▶ TASK PROMPT
Reproduce exactly the lines below from the one containing "AllL I (vpa_lang (tSigma \<Sigma>) VA)" through the one containing "by (rule box_mono[OF Iff_D1[OF leiv]])", including both, and nothing else.

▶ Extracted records
(* Let $\Omega$ be a simply connected domain containing $\mathbb{D}$, let $\lambda=\lambda(\Omega)$ be as defined in the context (assumed finite and positive), and let $m\ge1$ and $$P(w)=\sum_{j=1}^m k_jw^j,\qquad k_j=\left(\frac{1+\lambda}{1+2\lambda}\right)^{2j}.$$ If $f\in\mathcal{B}(\Omega)$ with $f(z)=\sum_{n=0}^\infty a_nz^n$ for $z\in\mathbb{D}$, then $$\sum_{n=0}^\infty|a_n|r^n+P\!\left(\frac{S_r}{\pi}\right)\le 1\quad\text{for } 0<r\le\frac{1}{1+2\lambda},$$ where $S_r$ is the area of the image of the disk $\{|z|<r\}$ under $f$. Equality at $r=1/(1+2\lambda)$ can only occur when $f$ is a unimodular constant.
   Context: $\mathbb{D}$ is the open unit disk; $\mathcal{B}(\Omega)$ is the class of analytic $f$ on $\Omega$ with $|f|<1$ on $\Omega$. $\lambda(\Omega)=\sup\{|a_n|/(1-|a_0|^2): n\ge1,\ f\in\mathcal{B}(\Omega)\text{ nonconstant},\ f(z)=\sum a_nz^n \text{ on }\mathbb{D}\}$, so that $|a_n|\le\lambda(1-|a_0|^2)$ for all $n\ge1$ and all $f\in\mathcal{B}(\Omega)$. Area is counted with multiplicity: $S_r=\iint_{|z|<r}|f'(z)|^2\,dx\,dy$. *)

theory Defs
  imports "HOL-Complex_Analysis.Complex_Analysis"
begin

definition bounded_class :: "complex set \<Rightarrow> (complex \<Rightarrow> complex) set" where
  "bounded_class \<Omega> = {f. f holomorphic_on \<Omega> \<and> (\<forall>z\<in>\<Omega>. norm (f z) < 1)}"
lemma metaword_C_A:
  assumes mw: "metaword \<Sigma> I d" and tilde_A: "is_tilde \<Sigma> L VA" and tilde_C: "is_tilde \<Sigma> L' VC"
    and disjoint: "L \<inter> L' = {}"
  shows "\<exists>S \<subseteq> dom I. d \<in> C_A \<Sigma> (vpa_lang (tSigma \<Sigma>) VA) (vpa_lang (tSigma \<Sigma>) VC) Acc
                          (I\<lparr>cn := (cn I)(Acc := S)\<rparr>)"
proof -
  define S where "S = {e. L_reach I (vpa_lang (tSigma \<Sigma>) VA) d e}"
  have dom: "d \<in> dom I" and fr: "friendly \<Sigma> I d"
    using mw unfolding metaword_def by auto
  have "S \<subseteq> dom I"
    unfolding S_def by (auto dest: L_reach_in_dom)
  moreover have "d \<in> C_fr \<Sigma> I"
    using dom fr by (simp add: in_C_fr_iff_friendly)
  moreover have "d \<in> AllL I (vpa_lang (tSigma \<Sigma>) VA) S"
    unfolding mem_AllL_iff S_def using dom by blast
  moreover have "d \<in> AllL I (vpa_lang (tSigma \<Sigma>) VC) (dom I - S)"
    unfolding mem_AllL_iff
  proof (intro conjI allI impI dom)
    fix e assume reach_C: "L_reach I (vpa_lang (tSigma \<Sigma>) VC) d e"
    then show "e \<in> dom I - S"
      using L_reach_in_dom[OF reach_C] metaword_tilde_reach_disjoint[OF mw tilde_A tilde_C disjoint]
      unfolding S_def by blast
  qed
  ultimately show ?thesis
    unfolding C_A_def by auto
qed
lemma boxdot_boxtr_iff: "\<turnstile> Iff (boxdot (boxtr A)) (boxtr A)"
  by (rule boxdot_iff_self[OF boxtr_imp_Box_boxtr])

lemma Box_iff_Box_boxtr:
  assumes leiv: "\<turnstile> Iff (boxdot (leiv A)) (boxdot (boxtr A))" and sound: "\<turnstile> Imp (boxtr A) A"
  shows "\<turnstile> Iff (Box A) (Box (boxtr A))"
proof (rule Iff_intro)
  have "\<turnstile> Imp (Box A) (Box (boxdot (leiv A)))"
    unfolding boxdot_def by (rule box_and[OF ax_Le box_4[OF ax_Le]])
  then have "\<turnstile> Imp (Box A) (Box (boxdot (boxtr A)))"
    by (rule box_mono[OF Iff_D1[OF leiv]])
  then show "\<turnstile> Imp (Box A) (Box (boxtr A))"
    by (rule box_mono[OF Iff_D1[OF boxdot_boxtr_iff]])
  show "\<turnstile> Imp (Box (boxtr A)) (Box A)"
    by (rule box_mono[OF sound imp_refl])
qed

lemma leiv_atomic: "atomic A \<Longrightarrow> leiv A = A"
  by (cases A) simp_all

lemma boxtr_atomic: "atomic A \<Longrightarrow> boxtr A = boxdot A"
  by (cases A) (simp_all add: boxdot_def)

lemma boxdot_leiv_iff_atomic:
  "atomic A \<Longrightarrow> \<turnstile> Iff (boxdot (leiv A)) (boxdot (boxtr A))"
  by (simp add: leiv_atomic boxtr_atomic Iff_sym[OF boxdot_boxdot_iff])

lemma boxtr_iff_atomic: "atomic A \<Longrightarrow> \<turnstile> Iff (boxtr A) A"
  by (simp add: boxtr_atomic boxdot_iff_self[OF ax_cp])

lemma boxdot_leiv_iff_And:
  assumes "\<turnstile> Iff (boxdot (leiv A)) (boxdot (boxtr A))" and "\<turnstile> Iff (boxdot (leiv B)) (boxdot (boxtr B))"
  shows "\<turnstile> Iff (boxdot (leiv (And A B))) (boxdot (boxtr (And A B)))"
  using Iff_trans[OF boxdot_And_iff Iff_trans[OF And_cong[OF assms] Iff_sym[OF boxdot_And_iff]]]
  by simp
(* Let $(X,d)$ be a geometrically doubling metric space and let $\mathscr{D}=\{Q^k_\alpha\}$ be a system of dyadic cubes with parameters $\delta\in(0,1)$ and $0<c_1\le C_1<\infty$. Let $m\in\mathbb{Z}$ and let $Q^m_\alpha\in\mathscr{D}$ be a dyadic cube of generation $m$. Then both $Q^m_\alpha$ and $X\setminus Q^m_\alpha$ are d-plump with parameters $\delta$, $m$, $b_0=c_1$ and $B_0=c_1+C_1$. In particular (provided $\operatorname{diam}(Q^m_\alpha)>0$), $Q^m_\alpha$ is plump with parameters $$b=\frac{\delta c_1}{c_1+C_1}\quad\text{and}\quad R=\frac{c_1+C_1}{2\delta C_1}\operatorname{diam}(Q^m_\alpha).$$
   Context: For $x\in X$ and $r>0$, $B(x,r)=\{y\in X: d(y,x)<r\}$. $(X,d)$ is geometrically doubling if there is $A_1\in\mathbb{N}$ such that every ball $B(x,r)$ can be covered by at most $A_1$ balls of radius $r/2$. A system of dyadic cubes with parameters $\delta\in(0,1)$ and $0<c_1\le C_1<\infty$ is a family of Borel sets $Q^k_\alpha$, $k\in\mathbb{Z}$, $\alpha\in I(k)$ (with $I(k)$ at most countable), together with points $x^k_\alpha\in X$, such that: (i) for every $k$, $X=\bigcup_{\alpha\in I(k)}Q^k_\alpha$ as a disjoint union; (ii) if $\ell\ge k$ then either $Q^\ell_\beta\subseteq Q^k_\alpha$ or $Q^\ell_\beta\cap Q^k_\alpha=\emptyset$; (iii) $B(x^k_\alpha,c_1\delta^k)\subseteq Q^k_\alpha\subseteq B(x^k_\alpha,C_1\delta^k)=:B(Q^k_\alpha)$; (iv) if $\ell\ge k$ and $Q^\ell_\beta\subseteq Q^k_\alpha$ then $B(Q^\ell_\beta)\subseteq B(Q^k_\alpha)$. $Q^k_\alpha$ is called a dyadic cube of generation $k$. A set $E\subseteq X$ is plump with parameters $R>0$, $b\in(0,1)$ if for all $y\in E$ and $0<r\le R$ there is $z\in X$ with $B(z,br)\subseteq B(y,r)\cap E$. A set $E$ is d-plump with parameters $\delta\in(0,1)$, $m\in\mathbb{Z}$, $0<b_0\le B_0<\infty$ if for all $y\in E$ and all integers $k\ge m$ there is $z\in X$ with $B(z,b_0\delta^k)\subseteq B(y,B_0\delta^k)\cap E$. *)

theory Defs
  imports "HOL-Analysis.Analysis"
begin

text \<open>The metric space X is the whole type 'a :: metric_space; B(x,r) is ball x r.\<close>

definition geometrically_doubling :: "'a::metric_space itself \<Rightarrow> bool" where
  "geometrically_doubling _ \<longleftrightarrow>
     (\<exists>A1::nat. \<forall>(x::'a) r. r > 0 \<longrightarrow>
        (\<exists>C. finite C \<and> card C \<le> A1 \<and> ball x r \<subseteq> (\<Union>c\<in>C. ball c (r/2))))"

definition dyadic_system ::
  "real \<Rightarrow> real \<Rightarrow> real \<Rightarrow> (int \<Rightarrow> 'i set) \<Rightarrow> (int \<Rightarrow> 'i \<Rightarrow> 'a::metric_space set)
     \<Rightarrow> (int \<Rightarrow> 'i \<Rightarrow> 'a) \<Rightarrow> bool" where
  "dyadic_system \<delta> c1 C1 I Q x \<longleftrightarrow>
     0 < \<delta> \<and> \<delta> < 1 \<and> 0 < c1 \<and> c1 \<le> C1 \<and>
     (\<forall>k. countable (I k)) \<and>
     (\<forall>k. \<forall>\<alpha>\<in>I k. Q k \<alpha> \<in> sets borel) \<and>
     (\<forall>k. (\<Union>\<alpha>\<in>I k. Q k \<alpha>) = UNIV) \<and>
     (\<forall>k. \<forall>\<alpha>\<in>I k. \<forall>\<beta>\<in>I k. \<alpha> \<noteq> \<beta> \<longrightarrow> Q k \<alpha> \<inter> Q k \<beta> = {}) \<and>
     (\<forall>k l. k \<le> l \<longrightarrow> (\<forall>\<alpha>\<in>I k. \<forall>\<beta>\<in>I l. Q l \<beta> \<subseteq> Q k \<alpha> \<or> Q l \<beta> \<inter> Q k \<alpha> = {})) \<and>
     (\<forall>k. \<forall>\<alpha>\<in>I k. ball (x k \<alpha>) (c1 * \<delta> powr of_int k) \<subseteq> Q k \<alpha> \<and>
                    Q k \<alpha> \<subseteq> ball (x k \<alpha>) (C1 * \<delta> powr of_int k)) \<and>
     (\<forall>k l. k \<le> l \<longrightarrow> (\<forall>\<alpha>\<in>I k. \<forall>\<beta>\<in>I l. Q l \<beta> \<subseteq> Q k \<alpha> \<longrightarrow>
          ball (x l \<beta>) (C1 * \<delta> powr of_int l) \<subseteq> ball (x k \<alpha>) (C1 * \<delta> powr of_int k)))"

definition plump :: "real \<Rightarrow> real \<Rightarrow> 'a::metric_space set \<Rightarrow> bool" where
  "plump R b E \<longleftrightarrow> 0 < R \<and> 0 < b \<and> b < 1 \<and>
     (\<forall>y\<in>E. \<forall>r. 0 < r \<and> r \<le> R \<longrightarrow> (\<exists>z. ball z (b * r) \<subseteq> ball y r \<inter> E))"

definition d_plump :: "real \<Rightarrow> int \<Rightarrow> real \<Rightarrow> real \<Rightarrow> 'a::metric_space set \<Rightarrow> bool" where
  "d_plump \<delta> m b0 B0 E \<longleftrightarrow> 0 < \<delta> \<and> \<delta> < 1 \<and> 0 < b0 \<and> b0 \<le> B0 \<and>
     (\<forall>y\<in>E. \<forall>k::int. k \<ge> m \<longrightarrow>
        (\<exists>z. ball z (b0 * \<delta> powr of_int k) \<subseteq> ball y (B0 * \<delta> powr of_int k) \<inter> E))"

end

theory Submission imports Defs begin

(* Fix a point y and a generation k \<ge> m.  The generation-k cube Q k \<beta>
   containing y has centre within C1 \<delta>^k of y, so its inner ball of radius c1 \<delta>^k lies
   in ball y ((c1 + C1) \<delta>^k) and in Q k \<beta>.  By the nesting property Q k \<beta> lies either
   inside Q m \<alpha> or inside its complement; hence both sets are d-plump.  We phrase this
   for every set E "resolved" by the cubes of generations \<ge> m, i.e. a union of cubes of
   each such generation, and check that Q m \<alpha> and its complement are resolved.
   Plumpness then follows from d-plumpness by a general scaling argument: a radius
   r \<le> B0 \<delta>^(m-1) is squeezed as B0 \<delta>^k \<le> r \<le> B0 \<delta>^(k-1) with k \<ge> m, which costs
   the factor \<delta> in b = \<delta> b0 / B0.  Finally diam Q m \<alpha> \<le> 2 C1 \<delta>^m shows that the
   radius R of the theorem is at most (c1 + C1) \<delta>^(m-1). *)

lemma powr_le_iff_base_lt1:
  fixes d t a :: real
  assumes "0 < d" "d < 1" "0 < t"
  shows "d powr a \<le> t \<longleftrightarrow> ln t / ln d \<le> a"
proof -
  have "ln d < 0" using assms by simp
  have "d powr a \<le> t \<longleftrightarrow> ln (d powr a) \<le> ln t"
    using assms by (simp only: ln_le_cancel_iff powr_gt_zero)
  also have "\<dots> \<longleftrightarrow> a * ln d \<le> ln t" using assms by (simp add: ln_powr)
  also have "\<dots> \<longleftrightarrow> ln t / ln d \<le> a" using \<open>ln d < 0\<close> by (simp add: neg_divide_le_eq)
  finally show ?thesis .
qed

text \<open>Every level t \<le> d^(m-1) is trapped between two consecutive powers d^k, d^(k-1)
  with k \<ge> m: this selects the dyadic generation matching a given radius.\<close>

lemma powr_bracket:
  fixes d t :: real and m :: int
  assumes "0 < d" "d < 1" "0 < t" "t \<le> d powr of_int (m - 1)"
  shows "\<exists>k\<ge>m. d powr of_int k \<le> t \<and> t \<le> d powr of_int (k - 1)"
proof -
  define k0 where "k0 = \<lceil>ln t / ln d\<rceil>"
  have below: "d powr of_int k0 \<le> t"
    using powr_le_iff_base_lt1[OF assms(1-3)] k0_def by simp
  have above: "\<not> d powr of_int (k0 - 1) \<le> t"
    using powr_le_iff_base_lt1[OF assms(1-3)] k0_def by (simp add: ceiling_less_cancel) linarith
  show ?thesis
  proof (cases "m \<le> k0")
    case True
    then show ?thesis using below above by (intro exI[of _ k0]) auto
  next
    case False
    then have "d powr of_int m \<le> d powr of_int k0"
      using assms by (intro powr_mono') auto
    then show ?thesis using below assms(4) by (intro exI[of _ m]) auto
  qed
qed

lemma diameter_le_of_subset_ball:
  fixes S :: "'a::metric_space set"
  assumes "S \<subseteq> ball c r" "0 \<le> r"
  shows "diameter S \<le> 2 * r"
proof -
  have "dist u v \<le> 2 * r" if "u \<in> S" "v \<in> S" for u v
  proof -
    have "dist c u < r" "dist c v < r" using assms(1) that by auto
    then show ?thesis using dist_triangle3[of u v c] by linarith
  qed
  then show ?thesis
    using assms(2) unfolding diameter_def by (auto intro: cSUP_least)
qed

lemma
  assumes "dyadic_system \<delta> c1 C1 I Q x"
  shows dyadic_param: "0 < \<delta>" "\<delta> < 1" "0 < c1" "c1 \<le> C1"
    and dyadic_cover: "(\<Union>\<beta>\<in>I k. Q k \<beta>) = UNIV"
    and dyadic_nested: "k \<le> l \<Longrightarrow> \<alpha> \<in> I k \<Longrightarrow> \<beta> \<in> I l \<Longrightarrow>
                          Q l \<beta> \<subseteq> Q k \<alpha> \<or> Q l \<beta> \<inter> Q k \<alpha> = {}"
    and dyadic_inner_ball: "\<beta> \<in> I k \<Longrightarrow> ball (x k \<beta>) (c1 * \<delta> powr of_int k) \<subseteq> Q k \<beta>"
    and dyadic_outer_ball: "\<beta> \<in> I k \<Longrightarrow> Q k \<beta> \<subseteq> ball (x k \<beta>) (C1 * \<delta> powr of_int k)"
  using assms unfolding dyadic_system_def by (elim conjE; metis)+

lemma dyadic_inner_ball_near:
  assumes D: "dyadic_system \<delta> c1 C1 I Q x" and \<beta>: "\<beta> \<in> I k" and y: "y \<in> Q k \<beta>"
  shows "ball (x k \<beta>) (c1 * \<delta> powr of_int k)
           \<subseteq> ball y ((c1 + C1) * \<delta> powr of_int k) \<inter> Q k \<beta>"
proof -
  have "dist y (x k \<beta>) < C1 * \<delta> powr of_int k"
    using dyadic_outer_ball[OF D \<beta>] y by (auto simp: dist_commute)
  have "ball (x k \<beta>) (c1 * \<delta> powr of_int k) \<subseteq> ball y ((c1 + C1) * \<delta> powr of_int k)"
  proof
    fix z assume "z \<in> ball (x k \<beta>) (c1 * \<delta> powr of_int k)"
    then have "dist (x k \<beta>) z < c1 * \<delta> powr of_int k" by simp
    with \<open>dist y (x k \<beta>) < C1 * \<delta> powr of_int k\<close> dist_triangle[of y z "x k \<beta>"]
    show "z \<in> ball y ((c1 + C1) * \<delta> powr of_int k)" by (simp add: algebra_simps)
  qed
  with dyadic_inner_ball[OF D \<beta>] show ?thesis by blast
qed

definition dyadic_resolved :: "(int \<Rightarrow> 'i set) \<Rightarrow> (int \<Rightarrow> 'i \<Rightarrow> 'a set) \<Rightarrow> int \<Rightarrow> 'a set \<Rightarrow> bool"
  where "dyadic_resolved I Q m E \<longleftrightarrow>
           (\<forall>k\<ge>m. \<forall>\<beta>\<in>I k. Q k \<beta> \<subseteq> E \<or> Q k \<beta> \<inter> E = {})"

lemma dyadic_resolved_complement:
  "dyadic_resolved I Q m E \<Longrightarrow> dyadic_resolved I Q m (UNIV - E)"
  unfolding dyadic_resolved_def by blast

lemma dyadic_resolved_cube:
  assumes "dyadic_system \<delta> c1 C1 I Q x" "\<alpha> \<in> I m"
  shows "dyadic_resolved I Q m (Q m \<alpha>)"
  using dyadic_nested[OF assms(1) _ assms(2)] unfolding dyadic_resolved_def by blast

text \<open>The core of the proposition: every resolved set is d-plump with b0 = c1 and
  B0 = c1 + C1, the witness being the inner ball of the cube around the given point.\<close>

lemma dyadic_resolved_d_plump:
  assumes D: "dyadic_system \<delta> c1 C1 I Q x" and E: "dyadic_resolved I Q m E"
  shows "d_plump \<delta> m c1 (c1 + C1) E"
  unfolding d_plump_def
proof (intro conjI ballI allI impI)
  fix y k assume y: "y \<in> E" and k: "m \<le> k"
  obtain \<beta> where \<beta>: "\<beta> \<in> I k" "y \<in> Q k \<beta>"
    using dyadic_cover[OF D, of k] by blast
  then have "Q k \<beta> \<subseteq> E" using E k y unfolding dyadic_resolved_def by blast
  with dyadic_inner_ball_near[OF D \<beta>]
  show "\<exists>z. ball z (c1 * \<delta> powr of_int k) \<subseteq> ball y ((c1 + C1) * \<delta> powr of_int k) \<inter> E"
    by blast
qed (use dyadic_param[OF D] in auto)

lemma d_plump_imp_plump:
  assumes P: "d_plump \<delta> m b0 B0 E" and R: "0 < R" "R \<le> B0 * \<delta> powr of_int (m - 1)"
  shows "plump R (\<delta> * b0 / B0) E"
proof -
  have d0: "0 < \<delta>" "\<delta> < 1" and b0: "0 < b0" "b0 \<le> B0"
    using P unfolding d_plump_def by auto
  have "\<delta> * b0 < B0" using d0 b0 mult_strict_right_mono[of \<delta> 1 b0] by linarith
  then have ratio: "0 < \<delta> * b0 / B0" "\<delta> * b0 / B0 < 1" using d0 b0 by auto
  have "\<exists>z. ball z (\<delta> * b0 / B0 * r) \<subseteq> ball y r \<inter> E"
    if y: "y \<in> E" and r: "0 < r" "r \<le> R" for y r
  proof -
    define t where "t = r / B0"
    have "0 < t" using r b0 t_def by simp
    moreover have "t \<le> \<delta> powr of_int (m - 1)"
      using R r b0 unfolding t_def by (simp add: divide_le_eq mult.commute)
    ultimately obtain k where k: "m \<le> k" "\<delta> powr of_int k \<le> t" "t \<le> \<delta> powr of_int (k - 1)"
      using powr_bracket[OF d0] by blast
    obtain z where z: "ball z (b0 * \<delta> powr of_int k) \<subseteq> ball y (B0 * \<delta> powr of_int k) \<inter> E"
      using P y k(1) unfolding d_plump_def by blast
    have "\<delta> * t \<le> \<delta> * \<delta> powr of_int (k - 1)" using k(3) d0 by simp
    also have "\<dots> = \<delta> powr of_int k" using d0 by (simp add: powr_diff)
    finally have "b0 * (\<delta> * t) \<le> b0 * \<delta> powr of_int k" using b0 by simp
    moreover have "\<delta> * b0 / B0 * r = b0 * (\<delta> * t)" unfolding t_def by simp
    ultimately have "\<delta> * b0 / B0 * r \<le> b0 * \<delta> powr of_int k" by simp
    moreover have "B0 * \<delta> powr of_int k \<le> r"
      using k(2) b0 unfolding t_def by (simp add: field_simps)
    ultimately have "ball z (\<delta> * b0 / B0 * r) \<subseteq> ball z (b0 * \<delta> powr of_int k)"
      and "ball y (B0 * \<delta> powr of_int k) \<subseteq> ball y r"
      by (auto intro: subset_ball)
    with z show ?thesis by blast
  qed
  then show ?thesis unfolding plump_def using R ratio by blast
qed

lemma dyadic_cube_diameter:
  assumes D: "dyadic_system \<delta> c1 C1 I Q x" and \<alpha>: "\<alpha> \<in> I m"
  shows "diameter (Q m \<alpha>) \<le> 2 * (C1 * \<delta> powr of_int m)"
proof (rule diameter_le_of_subset_ball)
  show "Q m \<alpha> \<subseteq> ball (x m \<alpha>) (C1 * \<delta> powr of_int m)"
    by (rule dyadic_outer_ball[OF D \<alpha>])
  show "0 \<le> C1 * \<delta> powr of_int m" using dyadic_param[OF D] by auto
qed

theorem proposition3p1:
  fixes I :: "int \<Rightarrow> 'i set" and Q :: "int \<Rightarrow> 'i \<Rightarrow> 'a::metric_space set"
    and x :: "int \<Rightarrow> 'i \<Rightarrow> 'a" and \<delta> c1 C1 :: real and m :: int and \<alpha> :: 'i
  assumes "geometrically_doubling TYPE('a)"
    and "dyadic_system \<delta> c1 C1 I Q x"
    and "\<alpha> \<in> I m"
  shows "d_plump \<delta> m c1 (c1 + C1) (Q m \<alpha>)
       \<and> d_plump \<delta> m c1 (c1 + C1) (UNIV - Q m \<alpha>)
       \<and> (diameter (Q m \<alpha>) > 0 \<longrightarrow>
           plump ((c1 + C1) / (2 * \<delta> * C1) * diameter (Q m \<alpha>)) (\<delta> * c1 / (c1 + C1)) (Q m \<alpha>))"
proof -
  note D = assms(2)
  have resolved: "dyadic_resolved I Q m (Q m \<alpha>)" by (rule dyadic_resolved_cube[OF D assms(3)])
  have cube: "d_plump \<delta> m c1 (c1 + C1) (Q m \<alpha>)" by (rule dyadic_resolved_d_plump[OF D resolved])
  have complement: "d_plump \<delta> m c1 (c1 + C1) (UNIV - Q m \<alpha>)"
    by (rule dyadic_resolved_d_plump[OF D dyadic_resolved_complement[OF resolved]])
  have "plump ((c1 + C1) / (2 * \<delta> * C1) * diameter (Q m \<alpha>)) (\<delta> * c1 / (c1 + C1)) (Q m \<alpha>)"
    if diam: "diameter (Q m \<alpha>) > 0"
  proof (rule d_plump_imp_plump[OF cube])
    have d0: "0 < \<delta>" "\<delta> < 1" and c: "0 < c1" "c1 \<le> C1"
      using dyadic_param[OF D] by auto
    then show "0 < (c1 + C1) / (2 * \<delta> * C1) * diameter (Q m \<alpha>)" using diam by simp
    have "(c1 + C1) / (2 * \<delta> * C1) * diameter (Q m \<alpha>)
            \<le> (c1 + C1) / (2 * \<delta> * C1) * (2 * (C1 * \<delta> powr of_int m))"
      using dyadic_cube_diameter[OF D assms(3)] d0 c by (intro mult_left_mono) auto
    also have "\<dots> = (c1 + C1) * \<delta> powr of_int (m - 1)"
      using d0 c by (simp add: powr_diff field_simps)
    finally show "(c1 + C1) / (2 * \<delta> * C1) * diameter (Q m \<alpha>) \<le> (c1 + C1) * \<delta> powr of_int (m - 1)" .
  qed
  then show ?thesis using cube complement by blast
qed

end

▶ SOLUTION TO THIS EXERCISE
  moreover have "d \<in> AllL I (vpa_lang (tSigma \<Sigma>) VA) S"
    unfolding mem_AllL_iff S_def using dom by blast
  moreover have "d \<in> AllL I (vpa_lang (tSigma \<Sigma>) VC) (dom I - S)"
    unfolding mem_AllL_iff
  proof (intro conjI allI impI dom)
    fix e assume reach_C: "L_reach I (vpa_lang (tSigma \<Sigma>) VC) d e"
    then show "e \<in> dom I - S"
      using L_reach_in_dom[OF reach_C] metaword_tilde_reach_disjoint[OF mw tilde_A tilde_C disjoint]
      unfolding S_def by blast
  qed
  ultimately show ?thesis
    unfolding C_A_def by auto
qed
lemma boxdot_boxtr_iff: "\<turnstile> Iff (boxdot (boxtr A)) (boxtr A)"
  by (rule boxdot_iff_self[OF boxtr_imp_Box_boxtr])

lemma Box_iff_Box_boxtr:
  assumes leiv: "\<turnstile> Iff (boxdot (leiv A)) (boxdot (boxtr A))" and sound: "\<turnstile> Imp (boxtr A) A"
  shows "\<turnstile> Iff (Box A) (Box (boxtr A))"
proof (rule Iff_intro)
  have "\<turnstile> Imp (Box A) (Box (boxdot (leiv A)))"
    unfolding boxdot_def by (rule box_and[OF ax_Le box_4[OF ax_Le]])
  then have "\<turnstile> Imp (Box A) (Box (boxdot (boxtr A)))"
    by (rule box_mono[OF Iff_D1[OF leiv]])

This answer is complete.